I think they are more concerned you live a healthy lifestyle and would encourage your children to do the same. I can only speak from my experience with my local authority but our experience had been a good one.

Hope that helps, I don't really post on here but wanted to reply as I know it worried me. Am sure others will comment with their experiences there always seems to be lots of good advice on this forum.

Good luck


----------



## hle (Dec 21, 2014)

Thank you for posting, that has helped put my mind more at resT. My Bmi though is 44. I am bringing it down though (have lost 1.5 stones) and I exercise and go to the gym
gym and touch wood don't gave any health complaicomplaints. I wonder if bmi at that level will mean being turned down. There is nothing specific I can find. If that was the only reason would they advise you lose weight before the panel do you think?

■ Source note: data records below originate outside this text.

lemma index_superdiag:
  "r < n \<Longrightarrow> c < n \<Longrightarrow> superdiag n l F $$ (r, c) = (if c = r + l then F (alpha n (c + 1)) else 0)"
  by (simp add: superdiag_def)

lemma superdiag_eq_iff:
  "superdiag n l F = superdiag n l G \<longleftrightarrow> (\<forall>i\<in>{l+1..n}. F (alpha n i) = G (alpha n i))"
proof
  assume eq: "superdiag n l F = superdiag n l G"
  show "\<forall>i\<in>{l+1..n}. F (alpha n i) = G (alpha n i)"
  proof
    fix i assume "i \<in> {l+1..n}"
    then obtain r where r: "i = r + l + 1" "r + l < n"
      by (metis atLeastAtMost_iff add.commute le_iff_add add_Suc_right le_simps(3) plus_1_eq_Suc)
    have "superdiag n l F $$ (r, r + l) = superdiag n l G $$ (r, r + l)"
      using eq by simp
    then show "F (alpha n i) = G (alpha n i)"
      using r by (simp add: index_superdiag)
  qed
next
  assume "\<forall>i\<in>{l+1..n}. F (alpha n i) = G (alpha n i)"
  then show "superdiag n l F = superdiag n l G"
    by (intro eq_matI) (auto simp: index_superdiag)
qed

lemma zero_eq_superdiag: "0\<^sub>m n n = superdiag n l (\<lambda>y. 0)"
  by (rule eq_matI) (auto simp: index_superdiag)

lemma superdiag_add: "superdiag n l F + superdiag n l G = superdiag n l (\<lambda>y. F y + G y)"
  by (rule eq_matI) (auto simp: index_superdiag)

lemma superdiag_diff: "superdiag n l F - superdiag n l G = superdiag n l (\<lambda>y. F y - G y)"
  by (rule eq_matI) (auto simp: index_superdiag)

lemma smult_superdiag: "a \<cdot>\<^sub>m superdiag n l F = superdiag n l (\<lambda>y. a * F y)"
  by (rule eq_matI) (auto simp: index_superdiag)

lemma index_mult_square:
  "A \<in> carrier_mat n n \<Longrightarrow> B \<in> carrier_mat n n \<Longrightarrow> i < n \<Longrightarrow> j < n \<Longrightarrow>
    (A * B) $$ (i, j) = (\<Sum>s<n. A $$ (i, s) * B $$ (s, j))"
  by (auto simp: scalar_prod_def lessThan_atLeast0 intro!: sum.cong)

lemma sum_lessThan_single:
  assumes "\<And>s. s < (n::nat) \<Longrightarrow> s \<noteq> a \<Longrightarrow> f s = 0"
  shows "(\<Sum>s<n. f s) = (if a < n then f a else 0)"
proof -
  have "(\<Sum>s<n. f s) = (\<Sum>s<n. if s = a then f a else 0)"
    using assms by (intro sum.cong) auto
  then show ?thesis
    by simp
qed

text \<open>Column \<open>c\<close> of the product sees column \<open>c - m\<close> of the left factor, and
  \<open>alpha n (c + 1 - m) = alpha n (c + 1) + 2 m\<close>: hence the shift of \<open>F\<close>.\<close>
lemma superdiag_mult:
  "superdiag n l F * superdiag n m G = superdiag n (l + m) (\<lambda>y. F (y + 2 * real m) * G y)"
proof (rule eq_matI)
  fix r c assume "r < dim_row (superdiag n (l + m) (\<lambda>y. F (y + 2 * real m) * G y))"
    and "c < dim_col (superdiag n (l + m) (\<lambda>y. F (y + 2 * real m) * G y))"
  then have rc: "r < n" "c < n" by simp_all
  have "(superdiag n l F * superdiag n m G) $$ (r, c)
      = (if r + l < n then superdiag n l F $$ (r, r + l) * superdiag n m G $$ (r + l, c) else 0)"
    unfolding index_mult_square[OF superdiag_carrier superdiag_carrier rc]
    by (rule sum_lessThan_single) (use rc in \<open>simp add: index_superdiag\<close>)
  also have "\<dots> = superdiag n (l + m) (\<lambda>y. F (y + 2 * real m) * G y) $$ (r, c)"
  proof -
    have "alpha n (r + l + 1) = alpha n (r + (l + m) + 1) + 2 * real m"
      by (simp add: alpha_def)
    then show ?thesis
      using rc by (auto simp: index_superdiag)
  qed
  finally show "(superdiag n l F * superdiag n m G) $$ (r, c)
      = superdiag n (l + m) (\<lambda>y. F (y + 2 * real m) * G y) $$ (r, c)" .
qed simp_all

Good luck with your adoption, how exciting.


----------



## Darcy2012 (Jul 16, 2014)

I think if you are showing that you are working to bring it down and you discuss it with them from the start you will be okay and like you say if you can show them you have been working on it up to panel it shows your commitment. I brought it up with them in my initial visit. My GP who did our medicals also commented that we were fit and healthy as they have a section to complete on the medical form. You sound as though you are doing everything you can to prepare yourselves and you lead active lifestyles. 

I do understand some authorities may be a bit stricter than ours but wish you lots  o of luck.


----------



## Darcy2012 (Jul 16, 2014)

Also well done on losing 1.5 stones


----------



## hle (Dec 21, 2014)

Thank you for your lovely comments. X


----------



## Bea39 (Apr 25, 2014)

Hi hle

We are currently on a 6 month break before we can progress from stage 1 to stage 2 due to my bmi being high around 39 when I had my medical. 

We had a meeting with our sw and discussed lifestyle, agreed to try a lose some weight although not a specified amount just to show a progression.  So far a stone down its a start but slow progress for me.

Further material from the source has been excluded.